Which of the lines in the data below contain the string "steps"? Copy each of them.

Items listed in a dataset
____________________
(* Let $\Omega = \{-1\} \cup [0,\infty)$, let $E$ be the Banach space of all bounded continuous real functions on $\Omega$ with the supremum norm, and let $$C = \{ x \in E : 0 \le x(u) \le 1 \text{ for all } u \in \Omega,\ |x(u_1)-x(u_2)| \le |u_1-u_2| \text{ for all } u_1,u_2 \in [0,\infty)\}.$$ For $x \in C$ and $v \ge 0$ put $\alpha_x(v) = \sup\{ x(s) : s \in \{-1\}\cup[v,\infty)\}$. For $t \in [0,1]$ and $x \in C$ define $T(t)x$ on $\Omega$ by $$(T(t)x)(u) = \begin{cases} x(-1), & u=-1,\\ x(u-t), & u \ge t,\\ x(0)-t+u, & 0\le u\le t \text{ and } 1-\alpha_x(1-t+u) \le x(0)-t+u,\\ x(0)+t-u, & 0\le u\le t \text{ and } 1-\alpha_x(1-t+u) \ge x(0)+t-u,\\ 1-\alpha_x(1-t+u), & 0 \le u \le t \text{ and } |1-\alpha_x(1-t+u)-x(0)| \le t-u. \end{cases}$$ For $t > 1$, write $t = m/2 + t'$ with $m \in \mathbb N$ and $t' \in [0,1/2)$, and define $T(t) = T(1/2)^m \circ T(t')$. Then $C$ is a closed convex subset of $E$, $\{T(t): t\ge 0\}$ is a one-parameter nonexpansive semigroup on $C$, the zero function $0 \in C$ is not a common fixed point of $\{T(t) : t \ge 0\}$, and $$\lim_{t\to\infty} \left\| \frac{1}{t}\int_0^t T(s)0\, ds - 0 \right\| = 0.$$
   Context: A family $\{T(t): t\ge 0\}$ of mappings on a subset $C$ of a Banach space is a one-parameter nonexpansive semigroup on $C$ if: each $T(t)$ is nonexpansive on $C$ ($\|T(t)x-T(t)y\|\le\|x-y\|$ for all $x,y\in C$); $T(0)x=x$ for all $x\in C$; $T(s+t)=T(s)\circ T(t)$ for all $s,t\ge 0$; and for each $x\in C$ the map $t\mapsto T(t)x$ is continuous. A common fixed point is a point $z\in C$ with $T(t)z=z$ for all $t\ge 0$. $\mathbb N$ denotes the set of positive integers. *)

theory Defs
  imports "HOL-Analysis.Analysis"
begin

typedef omega = "{-1::real} \<union> {0..}"
  by auto

instantiation omega :: metric_space
begin

definition dist_omega :: "omega \<Rightarrow> omega \<Rightarrow> real"
  where "dist_omega x y = dist (Rep_omega x) (Rep_omega y)"

definition uniformity_omega :: "(omega \<times> omega) filter"
  where "uniformity_omega = (INF e\<in>{0<..}. principal {(x, y). dist x y < e})"

definition open_omega :: "omega set \<Rightarrow> bool"
  where "open_omega U \<longleftrightarrow> (\<forall>x\<in>U. \<forall>\<^sub>F (x', y) in uniformity. x' = x \<longrightarrow> y \<in> U)"

instance
proof
  fix x y z :: omega
  show "dist x y = 0 \<longleftrightarrow> x = y"
    by (simp add: dist_omega_def Rep_omega_inject)
  show "dist x y \<le> dist x z + dist y z"
    unfolding dist_omega_def by (rule dist_triangle2)
qed (simp_all add: uniformity_omega_def open_omega_def)

end

text \<open>The point u of Omega (meaningful for u = -1 or u \<ge> 0).\<close>
definition pt :: "real \<Rightarrow> omega" where "pt u = Abs_omega u"

type_synonym E = "(omega, real) bcontfun"

definition Cset :: "E set" where
  "Cset = {x. (\<forall>u. 0 \<le> apply_bcontfun x u \<and> apply_bcontfun x u \<le> 1) \<and>
              (\<forall>u1\<ge>0. \<forall>u2\<ge>0. \<bar>apply_bcontfun x (pt u1) - apply_bcontfun x (pt u2)\<bar> \<le> \<bar>u1 - u2\<bar>)}"

definition alpha :: "E \<Rightarrow> real \<Rightarrow> real" where
  "alpha x v = (SUP s \<in> {s. Rep_omega s = -1 \<or> Rep_omega s \<ge> v}. apply_bcontfun x s)"

text \<open>T(t) for t in [0,1], as in the paper (the three cases for 0 \<le> u \<le> t are
  written as the clamp of 1 - alpha_x(1-t+u) to [x(0)-t+u, x(0)+t-u]).\<close>
definition Tbase_fun :: "real \<Rightarrow> E \<Rightarrow> omega \<Rightarrow> real" where
  "Tbase_fun t x w =
     (let u = Rep_omega w; x0 = apply_bcontfun x (pt 0); a = 1 - alpha x (1 - t + u) in
      if u = -1 then apply_bcontfun x (pt (-1))
      else if u \<ge> t then apply_bcontfun x (pt (u - t))
      else if a \<le> x0 - t + u then x0 - t + u
      else if a \<ge> x0 + t - u then x0 + t - u
      else a)"

definition Tbase :: "real \<Rightarrow> E \<Rightarrow> E" where
  "Tbase t x = Bcontfun (Tbase_fun t x)"

definition Tsg :: "real \<Rightarrow> E \<Rightarrow> E" where
  "Tsg t = (if t \<le> 1 then Tbase t
            else (Tbase (1/2) ^^ nat \<lfloor>2 * t\<rfloor>) \<circ> Tbase (t - real_of_int \<lfloor>2 * t\<rfloor> / 2))"

definition nonexp_semigroup :: "'a::real_normed_vector set \<Rightarrow> (real \<Rightarrow> 'a \<Rightarrow> 'a) \<Rightarrow> bool" where
  "nonexp_semigroup C T \<longleftrightarrow>
     (\<forall>t\<ge>0. \<forall>x\<in>C. T t x \<in> C) \<and>
     (\<forall>t\<ge>0. \<forall>x\<in>C. \<forall>y\<in>C. norm (T t x - T t y) \<le> norm (x - y)) \<and>
     (\<forall>x\<in>C. T 0 x = x) \<and>
     (\<forall>s\<ge>0. \<forall>t\<ge>0. \<forall>x\<in>C. T (s + t) x = T s (T t x)) \<and>
     (\<forall>x\<in>C. continuous_on {0..} (\<lambda>t. T t x))"

definition common_fixed_point :: "'a set \<Rightarrow> (real \<Rightarrow> 'a \<Rightarrow> 'a) \<Rightarrow> 'a \<Rightarrow> bool" where
  "common_fixed_point C T z \<longleftrightarrow> z \<in> C \<and> (\<forall>t\<ge>0. T t z = z)"

end

theory Submission
  imports Defs
begin

(* For 0 <= t <= 1, T(t) translates x to the right by t on [0,inf) and fills the gap [0,t]
   by clamping 1 - alpha_x(1-t+u) to the interval of radius t-u around x(0). Clamping is
   1-Lipschitz in all of its data, so T(t) maps C into C, is nonexpansive and moves x by at
   most t. The tail suprema of T(t)x are those of x shifted by t, so two successive clamps
   merge into one, which gives T(s)T(t) = T(s+t) for s+t <= 1; any such local semigroup
   extends to all t >= 0 by steps of length 1/2. The orbit of 0 is a tent of height 1 with
   apex at t-1 moving right at unit speed: it never returns to 0, yet at every point its
   integral over [0,t] is at most 2, so the Cesaro means tend to 0. *)

section \<open>Extending a local semigroup by steps of length 1/2\<close>

definition semigroup_extension :: "(real \<Rightarrow> 'a \<Rightarrow> 'a) \<Rightarrow> real \<Rightarrow> 'a \<Rightarrow> 'a" where
  "semigroup_extension S t = (S (1/2) ^^ nat \<lfloor>2 * t\<rfloor>) \<circ> S (t - of_int \<lfloor>2 * t\<rfloor> / 2)"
____________________
● Result for this exercise:
   extends to all t >= 0 by steps of length 1/2. The orbit of 0 is a tent of height 1 with
section \<open>Extending a local semigroup by steps of length 1/2\<close>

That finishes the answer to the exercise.